Mal, Here's a wiki overview. Battle of the Atlantic - Wikipedia, the free encyclopedia
You mention the RN but, we should not forget all the self sacrificial allied nations that endured the NA runs. 
This was the only campaign that really worried Churchill...had we ( using the royal 'we') lost then WW2 was lost.
Its another national disgrace that the merchant marine role has taken so long to be commemorated.
It is another irony with the revisionist version of the bombing campaign and the allied 'guilt' that we forget that U-30 sank the liner SS Athenia within hours of the declaration of war, Brave U boat boys eh....
The BoA was 'won' ( if that is the right word) by air power, the American economy gearing to produce Liberty ships at the rate only you could,the long range patrols with Catalina's. Sunderland's etc, better convey systems and better naval protection.
If you want a vision of hell..then for me it would be a 6 knot convey in a NA storm.
Cheers
John


----------



## parsifal (Dec 5, 2012)

> The BoA was 'won' ( if that is the right word) by air power, the American economy gearing to produce Liberty ships at the rate only you could,the long range patrols with Catalina's. Sunderland's etc, better convey systems and better naval protection




Hi john

I realize you are summarizing, but i have to say the victory in the Atlantic (and yes, its a victor because allied losses were reduced to manageable proportions whilst german U-Boat losses became prohibitive) was far more complex than that.

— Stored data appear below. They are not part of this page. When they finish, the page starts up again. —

(* Let $\mu(dx)=\frac{\mathbf 1_{(0,1)}(x)}{2\sqrt x}dx$ and $N\ge1$. Define $c_0=0$, $c_1=1$ and for $k\ge1$, $c_{k+1}=\frac{\sqrt{17c_k^2-4c_kc_{k-1}-4c_{k-1}^2}-c_k}{2}$. Then the (unique) quadratic optimal $N$-quantizer of $\mu$ is $\{x_1,\dots,x_N\}$ with $$x_k=\frac{c_k^2+c_kc_{k-1}+c_{k-1}^2}{3c_N^2},\quad k=1,\dots,N,$$ and the boundaries of its Voronoi cells are $x_{k+\frac12}=(c_k/c_N)^2$, $k=0,\dots,N$.
   Context: A quadratic optimal $N$-quantizer of a probability measure $\mu$ on $\mathbb R$ with finite second moment is a set $\Gamma$ of at most $N$ points minimizing $\int\mathrm{dist}(x,\Gamma)^2\mu(dx)$. For this $\mu$, such a quantizer is unique (known result); the Voronoi cell boundaries are the midpoints between consecutive points of the quantizer. *)

theory Defs
  imports "HOL-Analysis.Analysis"
begin

definition qmu :: "real measure" where
  "qmu = density lborel (\<lambda>x. ennreal (indicator {0<..<1} x / (2 * sqrt x)))"

definition distortion :: "real set \<Rightarrow> ennreal" where
  "distortion \<Gamma> = (\<integral>\<^sup>+ x. ennreal ((infdist x \<Gamma>)\<^sup>2) \<partial>qmu)"

definition grid :: "nat \<Rightarrow> real set \<Rightarrow> bool" where
  "grid N \<Gamma> \<longleftrightarrow> finite \<Gamma> \<and> \<Gamma> \<noteq> {} \<and> card \<Gamma> \<le> N"

definition optimal_quantizer :: "nat \<Rightarrow> real set \<Rightarrow> bool" where
  "optimal_quantizer N \<Gamma> \<longleftrightarrow> grid N \<Gamma> \<and> (\<forall>\<Gamma>'. grid N \<Gamma>' \<longrightarrow> distortion \<Gamma> \<le> distortion \<Gamma>')"

fun cseq :: "nat \<Rightarrow> real" where
  "cseq 0 = 0"
| "cseq (Suc 0) = 1"
| "cseq (Suc (Suc k)) =
     (sqrt (17 * (cseq (Suc k))\<^sup>2 - 4 * cseq (Suc k) * cseq k - 4 * (cseq k)\<^sup>2) - cseq (Suc k)) / 2"

end

theory Submission
  imports Defs
begin
lemma frac_deriv01_bspline_interior:
  assumes "1 < \<alpha>" "\<alpha> < 2" "p \<ge> 2" "n \<ge> 1" "p \<le> j + 1" "j + 2 \<le> n"
  defines "s \<equiv> real j + 1 - real p"
  shows "frac_deriv_left01 \<alpha> (bspline p n p (j + 2)) x
           = n powr \<alpha> * frac_deriv_left_R \<alpha> (cardinal_bspline p) (real n * x - s)"
    and "frac_deriv_right01 \<alpha> (bspline p n p (j + 2)) x
           = n powr \<alpha> * frac_deriv_right_R \<alpha> (cardinal_bspline p) (real n * x - s)"
proof -
  have n: "real n > 0"
    using assms by simp
  have N: "bspline p n p (j + 2) = (\<lambda>y. cardinal_bspline p (real n * y - s))"
    using bspline_eq_cardinal_bspline[of n p "j + 2" p] assms
    by (intro ext) (simp add: s_def algebra_simps)
  have support: "cardinal_bspline p (real n * y - s) = 0" if "y < 0 \<or> y > 1" for y
  proof (rule cardinal_bspline_eq_0)
    have "0 \<le> s" "s + real p + 1 \<le> real n"
      using assms by (simp_all add: s_def)
    with that n show "real n * y - s < 0 \<or> real n * y - s \<ge> real p + 1"
      by (smt (verit) mult_le_cancel_left1 mult_pos_neg)
  qed
  have unscaled: "frac_deriv_left_R \<alpha> (cardinal_bspline p) u = cardinal_bspline_frac_deriv p \<alpha> u"
    "frac_deriv_right_R \<alpha> (cardinal_bspline p) u = cardinal_bspline_frac_deriv p \<alpha> (real p + 1 - u)"
    for u
    using frac_deriv_left_R_cardinal_bspline[of \<alpha> p 1 0 u]
      frac_deriv_right_R_cardinal_bspline[of \<alpha> p 1 0 u] assms by simp_all
  have "frac_deriv_left01 \<alpha> (\<lambda>y. cardinal_bspline p (real n * y - s))
      = frac_deriv_left_R \<alpha> (\<lambda>y. cardinal_bspline p (real n * y - s))"
    "frac_deriv_right01 \<alpha> (\<lambda>y. cardinal_bspline p (real n * y - s))
      = frac_deriv_right_R \<alpha> (\<lambda>y. cardinal_bspline p (real n * y - s))"
    by (simp_all add: frac_deriv_left01_eq_frac_deriv_left_R frac_deriv_right01_eq_frac_deriv_right_R
                      support)
  then show "frac_deriv_left01 \<alpha> (bspline p n p (j + 2)) x
      = n powr \<alpha> * frac_deriv_left_R \<alpha> (cardinal_bspline p) (real n * x - s)"
    and "frac_deriv_right01 \<alpha> (bspline p n p (j + 2)) x
      = n powr \<alpha> * frac_deriv_right_R \<alpha> (cardinal_bspline p) (real n * x - s)"
    unfolding N unscaled
    using frac_deriv_left_R_cardinal_bspline[OF assms(1-3) n]
      frac_deriv_right_R_cardinal_bspline[OF assms(1-3) n] by simp_all
qed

At the beginning of the war, there was a chronic shortage of escorts...the so called escort famine. by the beginning of 1942, this was largely solved, yet losses continued to dangerously high. Tactics and t5raining were found to be deficient, and team work in the escort groups was poor. These were addressed throughout 1942-3, to the extent that the level of teamwork had reached extraordinary levels by mid 1943.

Technology in weapons, and detection gear increased the lethality of the escorts markedly. Weapons like Hedgehog, mousetrap, the deep diving heavy DC throwers and charges, improvements SONAR gear and the fitting of HF/DF and radars were all of immense help. By 1945 the allies were beginning to use airborne MAD which had great potential.

The statisitcal mathematics applied to the convoys ensured that convoy sizes were optimized. The breaking of the U-Boat Codes was perhaps the greatest advantage. The introduction of CVEs enmasse, the formation of Hunter Killer Groups, use of VLR patrols all contributed greatly to the allied victories. The Germans also introduced new technologies, to the extent that if the level of advantage derived was merely linked to new technology, the germans probably would have had greater advatage at wars end, than they enjoyed at the beginning. But the allied advantage was only partly affected by new technologies. It was as much about application of those new technologies....the training, tactics and technique, that tipped the balance, as it was about the technology. Similarly, US merchant shipping production was critical to victory, yet, that alone did not win the war. If the U-Boats had proceeded unchecked even US production would not have kept pace with losses. .


----------



## Readie (Dec 6, 2012)

parsifal said:


> Hi john
> 
> I realize you are summarizing, but i have to say the victory in the Atlantic (and yes, its a victor because allied losses were reduced to manageable proportions whilst german U-Boat losses became prohibitive) was far more complex than that.
> 
> ...



Hi Glen,
My summary was brief ( to say the least) and I realise that the BoA deserves a more thorough analysis.
Perhaps it would be fair to say that victory was made up of lots of little victories. The U boats could have so easily won, and if Hitler had not been mad enough to attack everywhere at the same time and just concentrated on the BoA and taking Britain out of WW2 the Nazi's may well have prevailed.
The U boat and german tactics lessons from WW1 were not really learnt by the allies were they?
Regards
John


----------



## fastmongrel (Dec 6, 2012)

Readie said:


> The U boat and german tactics lessons from WW1 were not really learnt by the allies were they?
> Regards
> John



The lessons were learnt and tactics were adopted but 20 financially parsimonious years is a long time for what was a new and unfashionable branch to survive. The RN had the best vessels, weapons and tactics for convoy escort just not enough of anything particulary the Merchant Aircraft Carriers they had planned for. Also the defeat of France and the U Boats gaining access to Atlantic ports threw a huge spanner in the works, no one probably not even Hitler thought the French would fall so comprehensively. That doesnt exonerate the Admiralty but the RN was trying to get a quart out of a pint pot in the late 1930s and with hindsight fewer shiny battlewagons and more escorts was the way to go.


----------



## Readie (Dec 6, 2012)

fastmongrel said:


> The lessons were learnt and tactics were adopted but 20 financially parsimonious years is a long time for what was a new and unfashionable branch to survive. The RN had the best vessels, weapons and tactics for convoy escort just not enough of anything particulary the Merchant Aircraft Carriers they had planned for. Also the defeat of France and the U Boats gaining access to Atlantic ports threw a huge spanner in the works, no one probably not even Hitler thought the French would fall so comprehensively. That doesnt exonerate the Admiralty but the RN was trying to get a quart out of a pint pot in the late 1930s and with hindsight fewer shiny battlewagons and more escorts was the way to go.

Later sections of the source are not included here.